Das System „B“ oder: Die Gladbacher „Schöpfungsgeschichte“

Glossi [ - Uhr]

glossi-psstSchon legendär ist der Beginn einer Haushaltsrede in einer Bezirksvertretung, den ein Fraktionssprecher mit dem Satz einleitete: „Am Anfang war das Grundstück!“

Die Anleihe aus dem Buch Genesis verweist auf eine Schöpfungsgeschichte eigener Art, die sich in Mönchengladbach mit schnöder Regelmäßigkeit wiederholt.

Anders als in der biblischen Geschichte folgt der Erkenntnis, dass ein bebaubares Grundstück auf seine Entwicklung wartet, der markante Satz: „Es werde Licht!“ allerdings nicht!

Vollkommen unbiblisch wird in dieser Schöpfungsphase eher Wert auf die anheimelnde Atmosphäre verdunkelter Hinterzimmer gelegt.

Insbesondere das Licht der Öffentlichkeit empfinden die Schöpfer zusätzlicher Baugrundstücke eher als hinderlich und störend.

Ganz nah an der Vorlage (siehe oben) ist dann wieder der nächste Akt.

Denn das Chaos ungeordneter Eigentumsverhältnisse bedarf einer ordnenden und schöpferischen Kraft.

„Gärten, Äcker und Sportanlagen,
Industriegelände und Altbestand
fallen jetzt in des Entwickler’s Hand.“

Die Dankbarkeit für soviel uneigennützige Arbeit soll jetzt auch Früchte tragen. Allerdings sprießen keine Gräser, Kräuter und Bäume im Gladbachs „Garten Eden“. Hier scheint der Quelltext eher überaltert. Daher gilt:

„Damit man besser rechnen kann,
fängt nun die Bebauungsplanung an.“

Denn rein zufällig haben zeitnah einige Mitglieder des Stadtrates die himmlische Eingebung, den Acker auch zu bestellen.

Sie ziehen unablässig ihre Furchen, um den Boden für das Wachsen von Reiheneinfamilienhäusern, Verbrauchermärkten und öffentlichen Gebäuden zu bereiten.

Dabei hilft es dem guten Werk ungemein, wenn man selbst an Planung und Ausführung beteiligt ist. Das verhindert Reibungsverluste und verkürzt die Wege:

„Kann man sich selbst der Nächste sein,
redet auch kein Bürger rein!“

Der guten Ordnung halber erklären die betroffenen Herren (zu diesem Zeitpunkt spielen Frauen in der Gladbacher Schöpfungsgeschichte noch keine Rolle – und wenn, dann nur eine einzige) dann im Rat der Auserwählten, natürlich nachdem sie die Saat ausgebracht haben: „Wegen persönlicher Betroffenheit nehme ich an Beratung und Beschlussfassung nicht teil!“

Die nur mittelbar betroffenen Freunde werden es schon richten, denn:

„Man kennt sich und man hilft sich fein,
sowohl im Paradies, als auch am Niederrhein.“

Die Wählerinnen und Wähler haben schließlich keinen Grund sich zu beklagen, denn ihre Interessen werden basisdemokratisch gewahrt. Immerhin waren sie an dieser Schöpfungsgeschichte, die sich auch als Wertschöpfungskette der „Gladbacher Art“ bezeichnen lässt, elementar beteiligt.

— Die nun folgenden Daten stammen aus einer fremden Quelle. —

text \<open>Write a sorting network of depth at least two as \<open>Q; P; L\<close>. The heart of the proof is
  that after \<open>Q\<close> every inversion, a one on channel \<open>a\<close> above a zero on channel \<open>b > a\<close>,
  is a comparator \<open>(a, a + 1)\<close> of \<open>L\<close>. For a non-adjacent comparator \<open>(p, q)\<close> of \<open>L\<close> this
  follows because an input that is inverted at \<open>(p, q)\<close> after \<open>Q\<close> stays inverted when a one is
  moved to another channel, by monotonicity and since the output of a sorting network is a
  threshold function of the number of ones. Moving ones one by one reaches the sorted input
  of the same weight, which \<open>Q\<close> does not change, a contradiction.

  Hence \<open>L\<close> may be replaced by any last layer in normal form containing its adjacent
  comparators, and \<open>P\<close> may be completed to a layer with at most one unused channel: the new
  comparators of \<open>P\<close> only act on inversions, which the last layer exchanges anyway. With at
  most one channel unused in the penultimate layer, the two remaining conditions of
  co-saturation hold trivially. Depths 0 and 1 are possible only for at most 1 and 2
  channels, where every last layer in normal form is co-saturated.\<close>

lemma is_layerD:
  assumes "is_layer n L" "(i, j) \<in> L"
  shows "1 \<le> i" "i < j" "j \<le> n"
  using assms unfolding is_layer_def by blast+

lemma is_layer_disjoint:
  assumes "is_layer n L" "(a, b) \<in> L" "(c, d) \<in> L" "(a, b) \<noteq> (c, d)"
  shows "{a, b} \<inter> {c, d} = {}"
  using assms unfolding is_layer_def by (metis fst_conv snd_conv)

lemma is_layer_subset: "is_layer n L \<Longrightarrow> A \<subseteq> L \<Longrightarrow> is_layer n A"
  unfolding is_layer_def by blast

lemma is_layer_finite:
  assumes "is_layer n L"
  shows "finite L"
proof (rule finite_subset)
  show "L \<subseteq> {1..n} \<times> {1..n}"
    using is_layerD[OF assms] by fastforce
qed simp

Sie schufen zwei Lichter (Genesis: Sonne und Mond), an denen sich die Menschen in unserer Stadt in unmittelbarer, freier und gleicher Wahl wärmen und erfreuen:

„Auch wenn Euch die Erkenntnis quält,
IHR habt doch schwarz-gelb gewählt!“

Zu guter Letzt, nachdem sich alle Beteiligen versprochen haben, sich furchtbar zu vermehren, die Erde mit Baukörpern zu füllen und sie sich untertan zu machen, wird die Vollendung der Schöpfung gefeiert; meist trifft man sich zu diesem Zweck prächtig kostümiert und huldigt einem Brauchtum.

Dem widmet eine Lokalzeitung am folgenden Tag die gebührende Anerkennung in Form einer Eloge, die zur Feier der normativen Kraft des Faktischen gelegentlich von einer Gladbacher Symbolfigur – vorzugsweise mit Jurastudium – persönlich vorgetragen wird, damit sich der Schöpfungszyklus zur Freude der Menschheit im Takt grüßender Murmeltiere wiederholen darf.

„Da erkennen nicht nur Kenner, nicht nur B’s*),
alle alle ehrenwerten Männer!“

*) Aus Platzgründen muss ich leider auf eine vollständige Aufzählung der üblichen Protagonisten im Nachspann verzichten. Der Buchstabe „B“ wurde mehr oder weniger zufällig ausgewählt.

Das wollte ich nur mal gesagt haben.